◆ **Exercise data**
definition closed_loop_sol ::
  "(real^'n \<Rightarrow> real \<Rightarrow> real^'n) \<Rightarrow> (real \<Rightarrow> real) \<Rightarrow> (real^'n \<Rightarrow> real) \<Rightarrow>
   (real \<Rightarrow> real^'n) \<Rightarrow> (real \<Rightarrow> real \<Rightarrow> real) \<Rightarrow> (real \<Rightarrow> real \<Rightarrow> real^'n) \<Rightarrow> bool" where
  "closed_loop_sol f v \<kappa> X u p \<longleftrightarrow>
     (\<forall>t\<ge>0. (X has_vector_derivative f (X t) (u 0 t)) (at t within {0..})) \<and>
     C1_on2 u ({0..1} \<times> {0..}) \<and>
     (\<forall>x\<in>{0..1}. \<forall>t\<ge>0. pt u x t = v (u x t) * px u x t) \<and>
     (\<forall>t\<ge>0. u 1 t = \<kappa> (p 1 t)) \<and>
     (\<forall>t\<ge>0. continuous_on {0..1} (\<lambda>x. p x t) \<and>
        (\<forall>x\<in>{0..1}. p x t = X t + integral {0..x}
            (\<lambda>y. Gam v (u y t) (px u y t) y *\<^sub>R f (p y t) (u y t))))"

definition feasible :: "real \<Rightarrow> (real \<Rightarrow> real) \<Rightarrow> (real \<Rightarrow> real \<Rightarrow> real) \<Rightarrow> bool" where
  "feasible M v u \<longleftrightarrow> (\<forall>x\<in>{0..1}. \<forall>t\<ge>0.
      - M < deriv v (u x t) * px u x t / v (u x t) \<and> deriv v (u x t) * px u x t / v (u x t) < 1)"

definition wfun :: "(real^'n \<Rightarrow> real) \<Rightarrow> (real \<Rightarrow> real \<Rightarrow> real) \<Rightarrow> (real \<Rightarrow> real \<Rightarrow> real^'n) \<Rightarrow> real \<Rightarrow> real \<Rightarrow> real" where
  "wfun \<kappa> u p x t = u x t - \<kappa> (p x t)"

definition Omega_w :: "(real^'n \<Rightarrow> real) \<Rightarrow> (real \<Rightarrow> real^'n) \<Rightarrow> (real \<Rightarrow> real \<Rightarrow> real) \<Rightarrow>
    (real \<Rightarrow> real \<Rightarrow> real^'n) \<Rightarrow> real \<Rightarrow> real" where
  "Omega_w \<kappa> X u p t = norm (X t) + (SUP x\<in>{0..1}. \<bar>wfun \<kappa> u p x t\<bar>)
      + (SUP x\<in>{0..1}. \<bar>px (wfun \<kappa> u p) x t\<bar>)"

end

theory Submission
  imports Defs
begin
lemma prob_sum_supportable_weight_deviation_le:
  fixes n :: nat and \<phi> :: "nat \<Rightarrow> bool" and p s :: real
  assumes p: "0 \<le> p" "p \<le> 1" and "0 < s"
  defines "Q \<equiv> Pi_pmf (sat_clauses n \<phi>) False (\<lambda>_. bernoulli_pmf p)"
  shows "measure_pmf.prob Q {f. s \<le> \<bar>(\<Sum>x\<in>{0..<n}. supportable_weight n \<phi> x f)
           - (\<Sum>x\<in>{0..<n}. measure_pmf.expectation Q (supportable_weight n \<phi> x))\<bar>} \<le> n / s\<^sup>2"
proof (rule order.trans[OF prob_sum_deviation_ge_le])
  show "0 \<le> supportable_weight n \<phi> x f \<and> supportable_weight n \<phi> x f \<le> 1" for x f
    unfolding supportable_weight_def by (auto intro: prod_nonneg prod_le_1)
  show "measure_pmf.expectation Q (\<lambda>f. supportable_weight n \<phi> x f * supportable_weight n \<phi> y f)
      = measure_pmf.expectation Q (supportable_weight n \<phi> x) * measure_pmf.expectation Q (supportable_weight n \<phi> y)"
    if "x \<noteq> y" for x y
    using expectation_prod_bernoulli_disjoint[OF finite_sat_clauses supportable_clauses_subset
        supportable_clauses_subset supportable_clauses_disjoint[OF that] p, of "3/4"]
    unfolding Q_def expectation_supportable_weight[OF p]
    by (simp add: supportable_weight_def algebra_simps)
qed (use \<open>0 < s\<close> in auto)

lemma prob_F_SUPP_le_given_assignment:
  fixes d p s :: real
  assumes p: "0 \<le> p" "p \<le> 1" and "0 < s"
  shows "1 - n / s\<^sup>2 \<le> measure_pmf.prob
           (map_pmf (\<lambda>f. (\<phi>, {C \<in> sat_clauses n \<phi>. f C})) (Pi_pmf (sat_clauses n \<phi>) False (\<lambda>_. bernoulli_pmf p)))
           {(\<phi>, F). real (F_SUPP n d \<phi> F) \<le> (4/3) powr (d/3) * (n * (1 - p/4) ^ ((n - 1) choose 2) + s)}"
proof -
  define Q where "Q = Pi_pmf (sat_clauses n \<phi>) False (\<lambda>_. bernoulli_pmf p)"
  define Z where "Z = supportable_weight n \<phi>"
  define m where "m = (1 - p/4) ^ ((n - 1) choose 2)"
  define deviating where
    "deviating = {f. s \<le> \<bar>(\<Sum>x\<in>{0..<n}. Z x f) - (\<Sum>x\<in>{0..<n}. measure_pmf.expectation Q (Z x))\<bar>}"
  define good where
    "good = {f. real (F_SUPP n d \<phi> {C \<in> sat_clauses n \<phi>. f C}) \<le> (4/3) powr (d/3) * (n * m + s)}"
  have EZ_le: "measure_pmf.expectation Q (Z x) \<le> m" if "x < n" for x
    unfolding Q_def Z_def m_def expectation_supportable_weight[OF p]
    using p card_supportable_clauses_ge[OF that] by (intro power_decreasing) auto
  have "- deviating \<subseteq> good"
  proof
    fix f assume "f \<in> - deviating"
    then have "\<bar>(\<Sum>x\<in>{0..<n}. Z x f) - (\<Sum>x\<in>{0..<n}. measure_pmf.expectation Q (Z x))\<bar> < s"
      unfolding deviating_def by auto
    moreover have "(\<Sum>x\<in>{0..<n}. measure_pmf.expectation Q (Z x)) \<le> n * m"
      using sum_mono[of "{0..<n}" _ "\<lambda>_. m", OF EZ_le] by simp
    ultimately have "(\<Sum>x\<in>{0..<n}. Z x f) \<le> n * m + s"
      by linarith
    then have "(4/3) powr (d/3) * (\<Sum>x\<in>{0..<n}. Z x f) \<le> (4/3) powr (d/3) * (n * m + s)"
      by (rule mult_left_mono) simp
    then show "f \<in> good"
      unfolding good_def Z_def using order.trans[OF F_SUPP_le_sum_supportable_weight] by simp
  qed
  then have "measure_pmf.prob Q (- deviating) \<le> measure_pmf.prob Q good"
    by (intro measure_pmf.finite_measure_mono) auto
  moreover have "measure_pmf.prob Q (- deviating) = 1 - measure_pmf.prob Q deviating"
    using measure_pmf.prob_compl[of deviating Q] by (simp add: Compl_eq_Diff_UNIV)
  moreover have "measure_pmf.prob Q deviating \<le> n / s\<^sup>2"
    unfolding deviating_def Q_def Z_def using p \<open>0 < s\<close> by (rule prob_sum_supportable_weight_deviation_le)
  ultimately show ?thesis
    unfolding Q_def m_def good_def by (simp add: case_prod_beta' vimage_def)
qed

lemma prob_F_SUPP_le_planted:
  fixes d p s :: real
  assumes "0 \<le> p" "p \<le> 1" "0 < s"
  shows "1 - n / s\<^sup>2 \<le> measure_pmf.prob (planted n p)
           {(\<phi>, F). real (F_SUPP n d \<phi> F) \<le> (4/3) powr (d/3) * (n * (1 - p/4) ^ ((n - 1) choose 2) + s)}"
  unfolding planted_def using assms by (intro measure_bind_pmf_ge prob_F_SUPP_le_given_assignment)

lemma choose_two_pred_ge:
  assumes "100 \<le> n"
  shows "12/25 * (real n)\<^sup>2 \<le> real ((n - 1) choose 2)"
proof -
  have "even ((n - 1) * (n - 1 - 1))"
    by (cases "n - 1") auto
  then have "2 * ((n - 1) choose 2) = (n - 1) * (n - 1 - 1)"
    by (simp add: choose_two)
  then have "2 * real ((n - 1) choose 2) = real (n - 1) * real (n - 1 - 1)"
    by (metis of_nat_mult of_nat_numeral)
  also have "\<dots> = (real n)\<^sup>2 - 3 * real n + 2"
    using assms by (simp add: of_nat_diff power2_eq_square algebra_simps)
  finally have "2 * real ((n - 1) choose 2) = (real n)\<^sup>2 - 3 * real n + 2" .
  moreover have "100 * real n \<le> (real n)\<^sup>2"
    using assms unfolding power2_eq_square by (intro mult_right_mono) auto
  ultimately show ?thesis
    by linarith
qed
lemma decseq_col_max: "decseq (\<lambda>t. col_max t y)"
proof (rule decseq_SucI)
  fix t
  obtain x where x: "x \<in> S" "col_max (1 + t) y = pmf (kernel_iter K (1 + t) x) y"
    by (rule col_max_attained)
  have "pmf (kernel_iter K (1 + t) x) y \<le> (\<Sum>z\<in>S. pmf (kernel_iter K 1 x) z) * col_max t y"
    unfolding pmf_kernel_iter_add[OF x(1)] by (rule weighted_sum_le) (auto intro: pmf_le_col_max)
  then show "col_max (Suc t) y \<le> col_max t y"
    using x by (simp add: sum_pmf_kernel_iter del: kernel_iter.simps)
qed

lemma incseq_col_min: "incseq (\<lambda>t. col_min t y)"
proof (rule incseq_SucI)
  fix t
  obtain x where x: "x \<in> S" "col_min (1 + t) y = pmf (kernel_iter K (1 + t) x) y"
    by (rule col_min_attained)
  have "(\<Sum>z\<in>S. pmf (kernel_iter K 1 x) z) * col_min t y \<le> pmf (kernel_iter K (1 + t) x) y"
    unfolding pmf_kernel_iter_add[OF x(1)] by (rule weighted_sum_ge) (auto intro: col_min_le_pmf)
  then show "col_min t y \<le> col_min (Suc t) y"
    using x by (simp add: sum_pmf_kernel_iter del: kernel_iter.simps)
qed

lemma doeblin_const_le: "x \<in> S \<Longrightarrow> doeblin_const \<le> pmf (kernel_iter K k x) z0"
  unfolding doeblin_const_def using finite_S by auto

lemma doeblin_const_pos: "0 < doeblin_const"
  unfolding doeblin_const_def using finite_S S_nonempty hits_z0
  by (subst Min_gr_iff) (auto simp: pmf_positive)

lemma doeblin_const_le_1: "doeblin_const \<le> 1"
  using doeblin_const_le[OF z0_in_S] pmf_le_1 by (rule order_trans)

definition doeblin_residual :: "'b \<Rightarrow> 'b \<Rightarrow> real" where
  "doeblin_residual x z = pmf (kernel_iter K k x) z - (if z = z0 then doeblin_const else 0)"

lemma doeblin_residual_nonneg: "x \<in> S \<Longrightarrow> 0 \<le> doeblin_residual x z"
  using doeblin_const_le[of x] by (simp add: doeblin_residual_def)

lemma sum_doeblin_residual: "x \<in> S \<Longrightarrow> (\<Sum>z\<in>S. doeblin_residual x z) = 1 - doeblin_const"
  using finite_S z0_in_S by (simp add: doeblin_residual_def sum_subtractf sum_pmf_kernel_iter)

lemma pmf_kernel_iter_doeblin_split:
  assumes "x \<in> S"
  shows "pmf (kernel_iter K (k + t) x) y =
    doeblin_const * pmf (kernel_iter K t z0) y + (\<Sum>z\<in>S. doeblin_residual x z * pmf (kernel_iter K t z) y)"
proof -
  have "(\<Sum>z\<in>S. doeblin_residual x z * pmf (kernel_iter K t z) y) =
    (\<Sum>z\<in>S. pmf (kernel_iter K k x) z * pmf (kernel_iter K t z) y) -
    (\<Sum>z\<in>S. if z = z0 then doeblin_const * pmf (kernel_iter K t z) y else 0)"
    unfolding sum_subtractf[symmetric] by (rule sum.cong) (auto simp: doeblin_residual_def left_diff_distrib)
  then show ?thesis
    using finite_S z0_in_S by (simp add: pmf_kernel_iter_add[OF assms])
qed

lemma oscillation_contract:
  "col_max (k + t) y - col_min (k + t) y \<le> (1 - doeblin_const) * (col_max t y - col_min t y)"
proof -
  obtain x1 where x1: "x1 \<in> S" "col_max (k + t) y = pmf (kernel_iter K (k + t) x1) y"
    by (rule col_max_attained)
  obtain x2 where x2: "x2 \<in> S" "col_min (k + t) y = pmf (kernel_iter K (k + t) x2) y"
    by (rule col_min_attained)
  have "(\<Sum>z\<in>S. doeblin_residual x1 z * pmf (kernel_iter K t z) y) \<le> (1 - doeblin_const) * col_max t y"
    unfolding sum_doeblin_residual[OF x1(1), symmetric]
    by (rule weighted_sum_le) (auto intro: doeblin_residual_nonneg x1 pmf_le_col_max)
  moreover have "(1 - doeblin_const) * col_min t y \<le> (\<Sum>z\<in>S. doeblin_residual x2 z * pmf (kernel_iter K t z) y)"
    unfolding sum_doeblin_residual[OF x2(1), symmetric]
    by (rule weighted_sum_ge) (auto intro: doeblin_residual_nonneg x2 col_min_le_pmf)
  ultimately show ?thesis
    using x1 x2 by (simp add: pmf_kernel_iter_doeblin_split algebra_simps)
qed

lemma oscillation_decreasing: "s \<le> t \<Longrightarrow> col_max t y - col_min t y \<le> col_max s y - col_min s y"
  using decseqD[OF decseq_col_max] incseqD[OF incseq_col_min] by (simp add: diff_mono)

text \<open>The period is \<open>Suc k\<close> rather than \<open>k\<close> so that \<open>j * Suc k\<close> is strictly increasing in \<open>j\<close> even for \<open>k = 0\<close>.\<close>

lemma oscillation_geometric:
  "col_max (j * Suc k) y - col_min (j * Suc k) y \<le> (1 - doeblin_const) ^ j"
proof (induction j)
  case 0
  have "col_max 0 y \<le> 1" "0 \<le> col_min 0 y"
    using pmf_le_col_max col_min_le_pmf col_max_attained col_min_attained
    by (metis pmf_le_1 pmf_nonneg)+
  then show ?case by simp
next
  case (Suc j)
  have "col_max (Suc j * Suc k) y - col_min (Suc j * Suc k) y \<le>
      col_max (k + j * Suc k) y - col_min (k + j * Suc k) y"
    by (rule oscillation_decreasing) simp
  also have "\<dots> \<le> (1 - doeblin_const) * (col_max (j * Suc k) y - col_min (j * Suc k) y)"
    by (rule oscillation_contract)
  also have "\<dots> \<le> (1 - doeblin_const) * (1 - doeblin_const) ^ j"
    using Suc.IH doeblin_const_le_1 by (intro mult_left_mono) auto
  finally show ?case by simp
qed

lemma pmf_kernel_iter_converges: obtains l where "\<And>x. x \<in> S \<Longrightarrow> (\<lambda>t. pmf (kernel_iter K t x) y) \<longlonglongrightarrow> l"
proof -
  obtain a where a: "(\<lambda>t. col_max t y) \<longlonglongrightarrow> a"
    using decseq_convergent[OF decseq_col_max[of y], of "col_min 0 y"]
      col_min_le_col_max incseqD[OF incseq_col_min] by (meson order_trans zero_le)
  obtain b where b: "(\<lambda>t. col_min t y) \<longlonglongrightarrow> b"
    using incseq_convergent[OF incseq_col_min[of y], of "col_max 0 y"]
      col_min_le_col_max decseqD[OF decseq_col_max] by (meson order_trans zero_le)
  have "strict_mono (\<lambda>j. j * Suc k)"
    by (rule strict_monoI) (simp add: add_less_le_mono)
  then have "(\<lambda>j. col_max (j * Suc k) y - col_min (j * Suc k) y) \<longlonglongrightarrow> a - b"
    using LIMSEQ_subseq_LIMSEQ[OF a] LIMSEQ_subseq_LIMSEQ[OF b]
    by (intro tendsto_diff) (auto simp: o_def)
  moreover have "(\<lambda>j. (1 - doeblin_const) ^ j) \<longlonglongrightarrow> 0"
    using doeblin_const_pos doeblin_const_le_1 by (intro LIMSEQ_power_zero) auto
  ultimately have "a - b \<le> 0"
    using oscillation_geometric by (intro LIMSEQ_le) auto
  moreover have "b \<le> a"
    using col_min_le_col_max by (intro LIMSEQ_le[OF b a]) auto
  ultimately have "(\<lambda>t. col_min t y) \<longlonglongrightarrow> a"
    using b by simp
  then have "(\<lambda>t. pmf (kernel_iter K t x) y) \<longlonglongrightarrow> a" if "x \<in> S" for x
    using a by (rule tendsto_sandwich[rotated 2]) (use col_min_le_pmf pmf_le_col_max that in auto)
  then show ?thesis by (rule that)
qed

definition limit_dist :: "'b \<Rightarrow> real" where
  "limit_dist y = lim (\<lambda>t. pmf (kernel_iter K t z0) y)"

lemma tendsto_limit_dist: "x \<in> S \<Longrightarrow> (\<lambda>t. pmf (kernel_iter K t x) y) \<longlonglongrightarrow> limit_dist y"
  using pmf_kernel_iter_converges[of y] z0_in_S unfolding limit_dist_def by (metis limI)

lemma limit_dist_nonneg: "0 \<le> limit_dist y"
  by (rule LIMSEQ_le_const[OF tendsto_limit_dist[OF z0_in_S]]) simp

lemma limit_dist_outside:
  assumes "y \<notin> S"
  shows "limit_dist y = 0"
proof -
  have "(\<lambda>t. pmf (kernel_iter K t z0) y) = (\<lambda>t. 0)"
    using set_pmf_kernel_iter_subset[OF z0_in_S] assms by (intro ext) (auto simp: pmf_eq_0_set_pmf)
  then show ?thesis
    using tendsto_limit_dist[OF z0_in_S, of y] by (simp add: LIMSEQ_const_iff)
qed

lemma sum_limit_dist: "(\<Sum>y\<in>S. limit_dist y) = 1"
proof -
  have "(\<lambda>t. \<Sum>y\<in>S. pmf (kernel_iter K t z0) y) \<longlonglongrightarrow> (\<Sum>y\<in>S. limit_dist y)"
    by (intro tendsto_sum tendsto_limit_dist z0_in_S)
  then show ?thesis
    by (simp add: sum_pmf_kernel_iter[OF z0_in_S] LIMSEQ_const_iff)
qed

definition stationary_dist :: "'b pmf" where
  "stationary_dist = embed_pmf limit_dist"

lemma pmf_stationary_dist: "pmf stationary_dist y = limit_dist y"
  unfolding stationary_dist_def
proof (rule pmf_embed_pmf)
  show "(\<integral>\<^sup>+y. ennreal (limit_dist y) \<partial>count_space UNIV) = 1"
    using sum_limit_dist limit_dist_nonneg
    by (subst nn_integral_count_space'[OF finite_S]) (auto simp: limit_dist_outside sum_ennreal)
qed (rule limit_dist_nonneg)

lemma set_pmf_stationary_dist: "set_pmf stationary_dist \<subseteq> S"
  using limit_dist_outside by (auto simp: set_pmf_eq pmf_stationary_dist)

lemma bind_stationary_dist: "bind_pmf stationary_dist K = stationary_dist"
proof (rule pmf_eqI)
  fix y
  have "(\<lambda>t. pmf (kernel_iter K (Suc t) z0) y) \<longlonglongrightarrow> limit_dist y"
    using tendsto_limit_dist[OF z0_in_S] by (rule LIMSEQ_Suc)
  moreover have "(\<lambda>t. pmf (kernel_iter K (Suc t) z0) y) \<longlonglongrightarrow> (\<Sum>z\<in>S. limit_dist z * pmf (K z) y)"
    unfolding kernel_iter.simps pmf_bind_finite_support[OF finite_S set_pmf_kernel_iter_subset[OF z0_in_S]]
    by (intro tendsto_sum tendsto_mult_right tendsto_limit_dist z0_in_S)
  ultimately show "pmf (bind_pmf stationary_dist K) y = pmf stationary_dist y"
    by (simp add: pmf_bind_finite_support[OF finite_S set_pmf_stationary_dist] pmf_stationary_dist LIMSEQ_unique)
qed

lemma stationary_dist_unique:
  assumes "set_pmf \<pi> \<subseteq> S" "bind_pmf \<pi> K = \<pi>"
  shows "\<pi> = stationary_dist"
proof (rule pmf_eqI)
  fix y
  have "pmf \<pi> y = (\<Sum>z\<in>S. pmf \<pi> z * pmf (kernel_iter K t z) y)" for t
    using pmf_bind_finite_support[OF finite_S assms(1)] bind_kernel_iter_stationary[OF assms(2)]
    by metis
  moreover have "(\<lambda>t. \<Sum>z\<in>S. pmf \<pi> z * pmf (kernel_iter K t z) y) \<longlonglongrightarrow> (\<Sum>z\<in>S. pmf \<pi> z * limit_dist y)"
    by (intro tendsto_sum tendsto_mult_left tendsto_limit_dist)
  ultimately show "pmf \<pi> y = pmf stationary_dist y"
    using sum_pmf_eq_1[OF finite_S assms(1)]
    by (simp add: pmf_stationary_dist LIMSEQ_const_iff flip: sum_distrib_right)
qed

◆ **What this task involves**
Please show the lines in the entries above that hold the string "incseqD".

◆ **Output for this task**
  using decseqD[OF decseq_col_max] incseqD[OF incseq_col_min] by (simp add: diff_mono)
      col_min_le_col_max incseqD[OF incseq_col_min] by (meson order_trans zero_le)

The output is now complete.